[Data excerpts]
Segment Open

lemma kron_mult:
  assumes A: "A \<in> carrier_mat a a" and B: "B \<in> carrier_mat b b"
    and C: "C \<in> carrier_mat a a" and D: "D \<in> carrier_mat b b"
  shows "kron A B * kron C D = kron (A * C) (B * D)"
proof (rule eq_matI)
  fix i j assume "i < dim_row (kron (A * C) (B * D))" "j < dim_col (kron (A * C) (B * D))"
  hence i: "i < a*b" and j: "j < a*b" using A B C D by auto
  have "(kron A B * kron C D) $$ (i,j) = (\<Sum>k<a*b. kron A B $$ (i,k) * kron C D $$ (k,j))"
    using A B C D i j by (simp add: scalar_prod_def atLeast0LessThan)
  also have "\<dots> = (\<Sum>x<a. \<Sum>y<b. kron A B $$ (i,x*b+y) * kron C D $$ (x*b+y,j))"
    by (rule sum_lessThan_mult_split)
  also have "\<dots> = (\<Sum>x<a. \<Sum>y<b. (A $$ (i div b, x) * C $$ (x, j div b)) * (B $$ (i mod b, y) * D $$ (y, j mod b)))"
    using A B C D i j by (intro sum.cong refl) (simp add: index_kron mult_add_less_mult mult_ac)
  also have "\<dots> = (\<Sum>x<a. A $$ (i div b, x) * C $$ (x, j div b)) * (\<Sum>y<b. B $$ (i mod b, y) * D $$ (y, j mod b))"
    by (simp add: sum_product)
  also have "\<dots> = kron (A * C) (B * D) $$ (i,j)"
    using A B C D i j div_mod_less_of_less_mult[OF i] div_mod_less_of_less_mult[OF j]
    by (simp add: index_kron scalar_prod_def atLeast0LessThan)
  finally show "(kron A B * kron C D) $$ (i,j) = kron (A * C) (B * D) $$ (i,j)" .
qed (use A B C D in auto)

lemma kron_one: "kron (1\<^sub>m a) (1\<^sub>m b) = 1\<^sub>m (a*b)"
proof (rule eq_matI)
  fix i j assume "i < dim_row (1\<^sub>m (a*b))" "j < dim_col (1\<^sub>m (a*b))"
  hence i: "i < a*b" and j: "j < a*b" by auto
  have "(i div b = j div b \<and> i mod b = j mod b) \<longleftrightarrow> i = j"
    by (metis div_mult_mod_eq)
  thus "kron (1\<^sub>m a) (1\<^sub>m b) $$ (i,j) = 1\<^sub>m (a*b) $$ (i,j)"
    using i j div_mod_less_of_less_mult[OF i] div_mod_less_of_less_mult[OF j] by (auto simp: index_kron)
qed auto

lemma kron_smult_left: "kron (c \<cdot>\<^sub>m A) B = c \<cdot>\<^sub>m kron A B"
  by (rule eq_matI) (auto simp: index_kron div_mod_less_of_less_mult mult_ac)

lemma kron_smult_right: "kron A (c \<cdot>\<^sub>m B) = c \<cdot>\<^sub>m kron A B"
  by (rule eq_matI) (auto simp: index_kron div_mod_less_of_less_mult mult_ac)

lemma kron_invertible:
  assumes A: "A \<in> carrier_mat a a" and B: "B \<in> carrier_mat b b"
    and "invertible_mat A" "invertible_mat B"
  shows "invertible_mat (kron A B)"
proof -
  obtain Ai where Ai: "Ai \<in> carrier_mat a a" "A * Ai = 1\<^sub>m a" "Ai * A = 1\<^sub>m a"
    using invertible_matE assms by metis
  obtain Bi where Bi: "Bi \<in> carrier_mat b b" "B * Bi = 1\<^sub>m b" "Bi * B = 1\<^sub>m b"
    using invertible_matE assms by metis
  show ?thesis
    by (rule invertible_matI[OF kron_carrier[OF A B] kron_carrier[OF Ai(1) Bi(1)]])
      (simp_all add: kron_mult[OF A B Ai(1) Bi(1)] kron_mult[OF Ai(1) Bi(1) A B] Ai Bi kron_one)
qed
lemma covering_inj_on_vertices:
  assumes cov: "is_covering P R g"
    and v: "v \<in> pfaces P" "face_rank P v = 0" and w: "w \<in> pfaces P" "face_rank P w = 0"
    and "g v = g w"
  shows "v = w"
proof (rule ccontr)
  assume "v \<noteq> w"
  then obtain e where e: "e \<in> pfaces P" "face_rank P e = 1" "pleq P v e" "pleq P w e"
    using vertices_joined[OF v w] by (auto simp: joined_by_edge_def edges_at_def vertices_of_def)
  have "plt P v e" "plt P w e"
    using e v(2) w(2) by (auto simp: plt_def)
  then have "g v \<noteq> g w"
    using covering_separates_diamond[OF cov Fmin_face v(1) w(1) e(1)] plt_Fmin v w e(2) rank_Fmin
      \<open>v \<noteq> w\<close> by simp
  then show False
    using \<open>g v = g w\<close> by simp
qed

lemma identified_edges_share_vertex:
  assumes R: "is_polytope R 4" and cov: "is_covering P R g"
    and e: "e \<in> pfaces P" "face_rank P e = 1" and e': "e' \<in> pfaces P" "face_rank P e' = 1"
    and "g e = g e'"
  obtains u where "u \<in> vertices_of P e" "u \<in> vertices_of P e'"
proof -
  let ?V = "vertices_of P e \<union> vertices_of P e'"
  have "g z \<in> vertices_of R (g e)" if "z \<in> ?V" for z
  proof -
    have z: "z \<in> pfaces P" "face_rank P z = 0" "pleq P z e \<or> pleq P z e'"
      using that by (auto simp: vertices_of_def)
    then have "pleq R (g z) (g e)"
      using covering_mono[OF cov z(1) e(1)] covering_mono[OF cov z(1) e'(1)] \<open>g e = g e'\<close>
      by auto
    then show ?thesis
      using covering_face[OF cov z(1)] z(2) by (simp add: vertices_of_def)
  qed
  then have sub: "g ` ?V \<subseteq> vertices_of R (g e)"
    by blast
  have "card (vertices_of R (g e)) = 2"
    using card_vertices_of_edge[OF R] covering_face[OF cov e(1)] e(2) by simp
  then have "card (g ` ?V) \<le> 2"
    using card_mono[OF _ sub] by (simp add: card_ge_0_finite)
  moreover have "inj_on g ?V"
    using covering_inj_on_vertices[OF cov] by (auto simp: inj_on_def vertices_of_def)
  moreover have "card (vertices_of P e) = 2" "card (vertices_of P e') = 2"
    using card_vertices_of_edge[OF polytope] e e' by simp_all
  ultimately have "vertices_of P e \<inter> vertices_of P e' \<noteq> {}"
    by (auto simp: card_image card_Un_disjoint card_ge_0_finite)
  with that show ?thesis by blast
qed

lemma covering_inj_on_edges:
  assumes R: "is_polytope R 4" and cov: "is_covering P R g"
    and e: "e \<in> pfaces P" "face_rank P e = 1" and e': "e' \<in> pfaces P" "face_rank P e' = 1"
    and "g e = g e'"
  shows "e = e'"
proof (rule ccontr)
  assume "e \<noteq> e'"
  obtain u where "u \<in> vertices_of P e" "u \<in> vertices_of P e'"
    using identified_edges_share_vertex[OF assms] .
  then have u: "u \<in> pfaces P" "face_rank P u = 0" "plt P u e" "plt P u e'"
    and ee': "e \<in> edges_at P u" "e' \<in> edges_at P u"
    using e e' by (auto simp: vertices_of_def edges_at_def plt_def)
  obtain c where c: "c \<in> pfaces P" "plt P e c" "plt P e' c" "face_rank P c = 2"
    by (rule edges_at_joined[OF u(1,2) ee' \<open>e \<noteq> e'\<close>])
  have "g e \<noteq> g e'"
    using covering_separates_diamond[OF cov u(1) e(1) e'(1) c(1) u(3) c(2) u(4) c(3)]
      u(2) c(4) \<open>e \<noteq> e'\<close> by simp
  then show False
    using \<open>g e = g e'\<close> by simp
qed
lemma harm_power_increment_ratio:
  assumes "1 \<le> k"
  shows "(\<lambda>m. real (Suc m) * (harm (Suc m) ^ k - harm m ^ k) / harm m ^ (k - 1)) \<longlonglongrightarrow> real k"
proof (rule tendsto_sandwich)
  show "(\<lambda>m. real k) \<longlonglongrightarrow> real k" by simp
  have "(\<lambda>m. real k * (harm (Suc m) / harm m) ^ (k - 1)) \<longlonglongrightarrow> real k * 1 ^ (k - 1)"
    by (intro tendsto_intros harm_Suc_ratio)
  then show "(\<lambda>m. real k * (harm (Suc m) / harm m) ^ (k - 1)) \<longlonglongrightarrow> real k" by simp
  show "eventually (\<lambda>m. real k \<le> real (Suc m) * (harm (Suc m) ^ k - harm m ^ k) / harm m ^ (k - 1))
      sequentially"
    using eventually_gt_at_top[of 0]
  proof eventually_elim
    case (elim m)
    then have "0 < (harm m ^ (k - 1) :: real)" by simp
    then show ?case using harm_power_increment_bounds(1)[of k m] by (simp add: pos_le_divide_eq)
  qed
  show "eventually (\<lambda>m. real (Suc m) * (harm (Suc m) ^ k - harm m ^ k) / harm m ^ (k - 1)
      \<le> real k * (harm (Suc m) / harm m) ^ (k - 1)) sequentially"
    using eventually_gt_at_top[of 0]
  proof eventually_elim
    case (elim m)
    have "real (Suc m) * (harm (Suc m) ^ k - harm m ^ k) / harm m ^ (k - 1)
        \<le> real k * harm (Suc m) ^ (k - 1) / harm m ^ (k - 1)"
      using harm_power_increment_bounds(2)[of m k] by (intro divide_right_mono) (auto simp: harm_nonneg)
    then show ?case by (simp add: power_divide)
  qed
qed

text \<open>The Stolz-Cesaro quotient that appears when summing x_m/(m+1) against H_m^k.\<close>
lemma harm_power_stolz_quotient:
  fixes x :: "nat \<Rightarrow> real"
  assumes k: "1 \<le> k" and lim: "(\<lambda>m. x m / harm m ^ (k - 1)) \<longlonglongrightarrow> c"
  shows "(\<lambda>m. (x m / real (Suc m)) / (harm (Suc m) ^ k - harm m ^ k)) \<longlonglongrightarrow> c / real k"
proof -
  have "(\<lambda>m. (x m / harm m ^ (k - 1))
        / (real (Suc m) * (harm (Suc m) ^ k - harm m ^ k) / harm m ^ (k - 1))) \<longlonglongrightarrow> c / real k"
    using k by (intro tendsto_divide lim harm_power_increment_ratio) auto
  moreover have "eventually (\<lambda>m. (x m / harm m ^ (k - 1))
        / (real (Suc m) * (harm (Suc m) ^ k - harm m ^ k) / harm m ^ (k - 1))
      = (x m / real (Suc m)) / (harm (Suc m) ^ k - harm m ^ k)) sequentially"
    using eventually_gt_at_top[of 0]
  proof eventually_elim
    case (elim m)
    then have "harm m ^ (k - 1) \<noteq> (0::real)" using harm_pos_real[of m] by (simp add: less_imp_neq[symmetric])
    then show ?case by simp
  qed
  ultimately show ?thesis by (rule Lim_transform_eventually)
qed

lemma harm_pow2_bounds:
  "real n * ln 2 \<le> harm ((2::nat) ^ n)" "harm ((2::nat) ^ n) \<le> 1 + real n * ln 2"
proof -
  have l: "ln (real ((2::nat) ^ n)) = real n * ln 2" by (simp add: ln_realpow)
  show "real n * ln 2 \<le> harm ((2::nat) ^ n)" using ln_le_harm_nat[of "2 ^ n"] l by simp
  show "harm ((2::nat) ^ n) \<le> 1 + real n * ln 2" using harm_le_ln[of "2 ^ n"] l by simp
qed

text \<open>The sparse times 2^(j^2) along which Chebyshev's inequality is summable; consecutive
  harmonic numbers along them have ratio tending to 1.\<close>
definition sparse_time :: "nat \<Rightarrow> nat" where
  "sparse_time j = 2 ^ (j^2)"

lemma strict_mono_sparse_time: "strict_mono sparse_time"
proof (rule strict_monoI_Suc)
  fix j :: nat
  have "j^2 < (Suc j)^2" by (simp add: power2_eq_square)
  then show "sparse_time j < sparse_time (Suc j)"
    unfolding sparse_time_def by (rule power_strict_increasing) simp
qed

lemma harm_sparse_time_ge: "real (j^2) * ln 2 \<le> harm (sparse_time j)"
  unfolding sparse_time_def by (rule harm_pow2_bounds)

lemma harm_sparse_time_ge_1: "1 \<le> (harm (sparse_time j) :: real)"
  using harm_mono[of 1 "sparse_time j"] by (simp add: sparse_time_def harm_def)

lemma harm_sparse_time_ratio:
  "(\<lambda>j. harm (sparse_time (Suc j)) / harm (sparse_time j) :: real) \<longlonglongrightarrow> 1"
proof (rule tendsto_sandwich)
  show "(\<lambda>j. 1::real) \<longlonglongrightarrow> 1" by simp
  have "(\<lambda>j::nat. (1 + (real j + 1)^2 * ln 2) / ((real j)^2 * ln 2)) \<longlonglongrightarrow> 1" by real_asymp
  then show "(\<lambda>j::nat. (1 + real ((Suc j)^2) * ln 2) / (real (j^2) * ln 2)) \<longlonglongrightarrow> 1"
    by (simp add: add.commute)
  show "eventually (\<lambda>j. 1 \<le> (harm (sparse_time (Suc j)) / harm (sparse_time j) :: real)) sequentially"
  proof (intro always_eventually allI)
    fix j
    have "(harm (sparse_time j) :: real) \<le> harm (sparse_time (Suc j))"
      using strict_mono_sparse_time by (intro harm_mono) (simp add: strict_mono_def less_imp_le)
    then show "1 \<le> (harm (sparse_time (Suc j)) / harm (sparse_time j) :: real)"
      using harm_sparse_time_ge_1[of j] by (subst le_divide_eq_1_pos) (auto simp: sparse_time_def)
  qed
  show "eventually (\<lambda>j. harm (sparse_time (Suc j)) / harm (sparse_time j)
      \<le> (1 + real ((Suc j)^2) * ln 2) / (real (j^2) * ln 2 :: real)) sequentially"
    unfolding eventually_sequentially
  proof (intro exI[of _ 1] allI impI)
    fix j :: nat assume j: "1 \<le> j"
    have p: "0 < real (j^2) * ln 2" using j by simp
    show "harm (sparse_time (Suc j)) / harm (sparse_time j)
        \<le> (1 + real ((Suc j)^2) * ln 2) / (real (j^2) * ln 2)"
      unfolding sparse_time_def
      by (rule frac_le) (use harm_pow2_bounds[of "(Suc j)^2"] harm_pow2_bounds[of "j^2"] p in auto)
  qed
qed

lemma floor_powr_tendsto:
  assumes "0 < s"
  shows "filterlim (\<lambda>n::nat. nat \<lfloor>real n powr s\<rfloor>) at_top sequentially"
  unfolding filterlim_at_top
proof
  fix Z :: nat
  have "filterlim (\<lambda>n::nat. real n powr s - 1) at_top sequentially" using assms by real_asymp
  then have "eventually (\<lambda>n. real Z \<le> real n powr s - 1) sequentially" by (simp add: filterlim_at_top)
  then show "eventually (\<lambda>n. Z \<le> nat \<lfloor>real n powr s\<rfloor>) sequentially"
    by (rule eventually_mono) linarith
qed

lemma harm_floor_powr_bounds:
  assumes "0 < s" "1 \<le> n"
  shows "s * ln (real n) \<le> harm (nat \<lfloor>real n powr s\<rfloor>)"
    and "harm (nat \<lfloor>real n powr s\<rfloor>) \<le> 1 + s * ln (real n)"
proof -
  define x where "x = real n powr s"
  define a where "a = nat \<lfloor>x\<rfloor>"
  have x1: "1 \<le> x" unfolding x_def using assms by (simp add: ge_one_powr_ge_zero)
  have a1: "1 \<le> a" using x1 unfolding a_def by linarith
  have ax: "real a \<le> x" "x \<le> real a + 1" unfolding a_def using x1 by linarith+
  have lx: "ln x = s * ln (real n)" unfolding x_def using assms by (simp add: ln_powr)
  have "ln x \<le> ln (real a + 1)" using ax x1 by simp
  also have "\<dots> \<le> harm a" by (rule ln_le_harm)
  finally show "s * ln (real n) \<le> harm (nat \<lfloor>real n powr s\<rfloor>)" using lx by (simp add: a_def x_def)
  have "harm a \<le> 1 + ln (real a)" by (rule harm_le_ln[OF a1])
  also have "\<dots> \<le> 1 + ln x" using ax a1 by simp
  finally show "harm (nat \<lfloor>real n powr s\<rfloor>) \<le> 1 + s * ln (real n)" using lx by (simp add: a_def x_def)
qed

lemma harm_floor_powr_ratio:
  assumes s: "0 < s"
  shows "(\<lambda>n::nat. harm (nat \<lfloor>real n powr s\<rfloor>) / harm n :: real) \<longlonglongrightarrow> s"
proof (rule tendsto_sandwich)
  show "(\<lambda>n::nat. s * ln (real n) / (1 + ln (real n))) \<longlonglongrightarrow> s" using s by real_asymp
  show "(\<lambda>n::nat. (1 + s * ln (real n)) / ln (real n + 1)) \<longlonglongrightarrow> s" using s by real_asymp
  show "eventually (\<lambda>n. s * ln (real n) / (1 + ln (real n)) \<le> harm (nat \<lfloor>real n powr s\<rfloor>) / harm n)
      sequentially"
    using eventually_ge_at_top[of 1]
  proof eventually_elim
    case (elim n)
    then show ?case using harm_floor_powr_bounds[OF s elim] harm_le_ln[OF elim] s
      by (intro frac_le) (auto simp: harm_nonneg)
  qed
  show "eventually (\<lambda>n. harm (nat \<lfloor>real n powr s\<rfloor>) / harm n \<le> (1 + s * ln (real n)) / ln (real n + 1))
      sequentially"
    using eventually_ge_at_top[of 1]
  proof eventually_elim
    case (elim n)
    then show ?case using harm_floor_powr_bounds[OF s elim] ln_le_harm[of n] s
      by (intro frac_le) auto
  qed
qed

Segment Closed

What you will do.
Go through the entries and filter for lines holding the word "blast"; copy each match.

Response to the task.
    by blast
  with that show ?thesis by blast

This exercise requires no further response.